### Collected data entries
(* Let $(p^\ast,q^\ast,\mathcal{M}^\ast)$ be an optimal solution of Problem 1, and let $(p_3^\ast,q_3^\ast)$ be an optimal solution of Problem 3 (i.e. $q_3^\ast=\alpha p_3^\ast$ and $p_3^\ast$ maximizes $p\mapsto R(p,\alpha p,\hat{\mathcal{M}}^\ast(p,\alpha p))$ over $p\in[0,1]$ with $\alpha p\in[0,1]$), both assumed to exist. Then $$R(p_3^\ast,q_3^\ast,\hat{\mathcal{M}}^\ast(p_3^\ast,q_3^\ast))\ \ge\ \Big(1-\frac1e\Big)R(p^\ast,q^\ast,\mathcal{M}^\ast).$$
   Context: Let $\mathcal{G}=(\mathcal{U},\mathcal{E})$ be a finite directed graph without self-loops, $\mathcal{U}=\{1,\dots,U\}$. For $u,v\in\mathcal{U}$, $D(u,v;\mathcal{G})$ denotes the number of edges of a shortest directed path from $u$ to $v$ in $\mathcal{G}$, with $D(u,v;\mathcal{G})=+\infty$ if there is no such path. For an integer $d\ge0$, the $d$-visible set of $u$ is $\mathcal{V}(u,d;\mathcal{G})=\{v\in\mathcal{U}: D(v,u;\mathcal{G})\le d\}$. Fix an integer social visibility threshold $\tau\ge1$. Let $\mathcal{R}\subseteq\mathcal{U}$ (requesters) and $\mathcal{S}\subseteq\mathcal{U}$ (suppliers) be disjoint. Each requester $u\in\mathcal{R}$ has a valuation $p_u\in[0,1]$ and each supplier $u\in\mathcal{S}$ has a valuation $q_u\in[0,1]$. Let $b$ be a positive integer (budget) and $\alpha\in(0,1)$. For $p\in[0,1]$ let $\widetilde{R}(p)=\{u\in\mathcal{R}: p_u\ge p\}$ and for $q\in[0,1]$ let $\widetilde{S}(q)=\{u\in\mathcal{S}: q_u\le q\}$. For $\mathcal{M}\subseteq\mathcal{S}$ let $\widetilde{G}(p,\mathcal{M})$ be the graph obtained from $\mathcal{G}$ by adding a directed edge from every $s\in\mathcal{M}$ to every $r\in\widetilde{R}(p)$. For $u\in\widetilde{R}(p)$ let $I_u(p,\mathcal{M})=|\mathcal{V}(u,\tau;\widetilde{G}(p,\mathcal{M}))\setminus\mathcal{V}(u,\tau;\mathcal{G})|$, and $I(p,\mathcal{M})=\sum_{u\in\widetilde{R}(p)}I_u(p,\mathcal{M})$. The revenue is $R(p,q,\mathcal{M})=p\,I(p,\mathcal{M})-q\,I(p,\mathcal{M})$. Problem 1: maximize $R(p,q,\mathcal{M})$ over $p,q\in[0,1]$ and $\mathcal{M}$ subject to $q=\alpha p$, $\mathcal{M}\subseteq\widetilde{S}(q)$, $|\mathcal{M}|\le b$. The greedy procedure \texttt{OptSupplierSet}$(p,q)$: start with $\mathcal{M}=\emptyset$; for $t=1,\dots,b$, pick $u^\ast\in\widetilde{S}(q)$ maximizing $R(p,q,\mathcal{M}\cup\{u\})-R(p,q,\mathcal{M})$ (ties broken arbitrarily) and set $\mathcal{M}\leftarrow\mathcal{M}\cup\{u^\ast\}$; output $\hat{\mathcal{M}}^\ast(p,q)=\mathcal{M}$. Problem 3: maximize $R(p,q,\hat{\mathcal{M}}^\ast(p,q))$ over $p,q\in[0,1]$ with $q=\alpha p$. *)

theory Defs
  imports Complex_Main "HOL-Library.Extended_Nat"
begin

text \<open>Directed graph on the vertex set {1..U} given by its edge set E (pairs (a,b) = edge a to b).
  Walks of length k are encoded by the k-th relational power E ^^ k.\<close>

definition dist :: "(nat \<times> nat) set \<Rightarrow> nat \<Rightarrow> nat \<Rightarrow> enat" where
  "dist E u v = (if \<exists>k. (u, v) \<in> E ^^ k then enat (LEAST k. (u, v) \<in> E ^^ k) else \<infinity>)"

* * *

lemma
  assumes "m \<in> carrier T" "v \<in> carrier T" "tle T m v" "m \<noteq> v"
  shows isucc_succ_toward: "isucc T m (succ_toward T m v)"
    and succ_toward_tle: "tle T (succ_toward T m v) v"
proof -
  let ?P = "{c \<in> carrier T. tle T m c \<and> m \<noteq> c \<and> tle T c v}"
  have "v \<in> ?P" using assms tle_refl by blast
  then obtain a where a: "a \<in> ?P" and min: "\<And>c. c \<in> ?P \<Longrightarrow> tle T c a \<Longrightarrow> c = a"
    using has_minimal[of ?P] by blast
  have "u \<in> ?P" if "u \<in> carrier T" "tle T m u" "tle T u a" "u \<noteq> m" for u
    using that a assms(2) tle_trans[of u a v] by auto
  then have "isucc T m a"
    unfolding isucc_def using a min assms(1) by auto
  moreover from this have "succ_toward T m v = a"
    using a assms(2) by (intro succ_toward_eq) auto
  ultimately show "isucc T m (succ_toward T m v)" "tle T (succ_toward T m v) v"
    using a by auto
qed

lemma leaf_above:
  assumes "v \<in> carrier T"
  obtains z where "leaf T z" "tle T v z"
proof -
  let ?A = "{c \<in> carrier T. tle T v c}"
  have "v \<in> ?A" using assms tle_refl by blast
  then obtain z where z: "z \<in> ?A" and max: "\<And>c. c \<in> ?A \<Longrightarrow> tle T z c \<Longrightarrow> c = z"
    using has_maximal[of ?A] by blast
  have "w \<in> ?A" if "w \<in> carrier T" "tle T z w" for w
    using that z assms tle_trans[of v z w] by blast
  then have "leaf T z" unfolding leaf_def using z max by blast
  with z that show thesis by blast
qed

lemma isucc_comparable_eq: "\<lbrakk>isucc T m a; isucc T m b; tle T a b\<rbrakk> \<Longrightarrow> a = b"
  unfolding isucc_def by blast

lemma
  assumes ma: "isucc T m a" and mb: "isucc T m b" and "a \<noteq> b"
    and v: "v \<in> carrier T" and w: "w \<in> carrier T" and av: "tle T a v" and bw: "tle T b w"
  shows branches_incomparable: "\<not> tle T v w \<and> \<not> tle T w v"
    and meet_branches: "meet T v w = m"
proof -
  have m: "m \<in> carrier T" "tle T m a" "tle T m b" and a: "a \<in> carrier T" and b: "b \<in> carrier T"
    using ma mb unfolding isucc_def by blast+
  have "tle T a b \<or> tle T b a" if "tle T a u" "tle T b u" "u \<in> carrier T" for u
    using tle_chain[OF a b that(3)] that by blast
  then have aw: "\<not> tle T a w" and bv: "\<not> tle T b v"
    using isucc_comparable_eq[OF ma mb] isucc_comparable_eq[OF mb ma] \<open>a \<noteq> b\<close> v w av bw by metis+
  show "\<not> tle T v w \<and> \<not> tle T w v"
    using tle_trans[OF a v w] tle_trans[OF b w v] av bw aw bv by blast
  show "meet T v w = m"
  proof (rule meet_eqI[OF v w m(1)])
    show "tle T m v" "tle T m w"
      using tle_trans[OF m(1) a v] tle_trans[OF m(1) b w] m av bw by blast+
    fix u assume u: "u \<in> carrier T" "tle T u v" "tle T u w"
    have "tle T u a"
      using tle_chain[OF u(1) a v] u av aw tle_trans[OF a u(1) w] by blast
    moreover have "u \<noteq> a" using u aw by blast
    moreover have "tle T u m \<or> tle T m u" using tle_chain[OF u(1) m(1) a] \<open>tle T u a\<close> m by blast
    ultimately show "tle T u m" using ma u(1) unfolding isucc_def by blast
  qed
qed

==

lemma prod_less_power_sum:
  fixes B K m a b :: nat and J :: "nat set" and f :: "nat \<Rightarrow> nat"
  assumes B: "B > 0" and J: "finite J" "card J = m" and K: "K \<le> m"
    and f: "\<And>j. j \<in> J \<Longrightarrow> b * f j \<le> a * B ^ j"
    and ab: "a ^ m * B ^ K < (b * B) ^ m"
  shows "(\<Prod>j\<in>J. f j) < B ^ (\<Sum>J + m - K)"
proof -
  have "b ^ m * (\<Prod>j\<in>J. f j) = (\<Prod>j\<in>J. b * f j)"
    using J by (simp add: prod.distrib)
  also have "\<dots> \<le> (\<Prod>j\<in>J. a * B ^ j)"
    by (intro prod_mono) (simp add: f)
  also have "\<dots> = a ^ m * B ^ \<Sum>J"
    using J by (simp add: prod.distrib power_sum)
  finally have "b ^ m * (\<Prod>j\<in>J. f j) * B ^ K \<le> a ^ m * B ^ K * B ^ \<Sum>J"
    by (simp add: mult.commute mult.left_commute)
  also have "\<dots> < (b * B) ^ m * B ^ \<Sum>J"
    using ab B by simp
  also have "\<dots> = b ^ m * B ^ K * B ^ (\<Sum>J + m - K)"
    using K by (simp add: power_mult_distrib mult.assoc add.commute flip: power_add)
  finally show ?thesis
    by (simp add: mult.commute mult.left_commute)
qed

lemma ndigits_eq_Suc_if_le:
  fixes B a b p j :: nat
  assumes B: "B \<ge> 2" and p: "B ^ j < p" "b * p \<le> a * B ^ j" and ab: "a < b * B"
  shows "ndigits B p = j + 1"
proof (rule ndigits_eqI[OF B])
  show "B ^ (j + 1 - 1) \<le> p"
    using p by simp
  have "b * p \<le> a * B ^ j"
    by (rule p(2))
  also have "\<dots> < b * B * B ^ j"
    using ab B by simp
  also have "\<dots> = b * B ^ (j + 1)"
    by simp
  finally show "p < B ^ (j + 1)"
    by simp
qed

### To do
From the data above, reproduce word for word the lines running from the line with "fix u assume" to the line with "a\<close> m by blast", ends included.

### Reply
    fix u assume u: "u \<in> carrier T" "tle T u v" "tle T u w"
    have "tle T u a"
      using tle_chain[OF u(1) a v] u av aw tle_trans[OF a u(1) w] by blast
    moreover have "u \<noteq> a" using u aw by blast
    moreover have "tle T u m \<or> tle T m u" using tle_chain[OF u(1) m(1) a] \<open>tle T u a\<close> m by blast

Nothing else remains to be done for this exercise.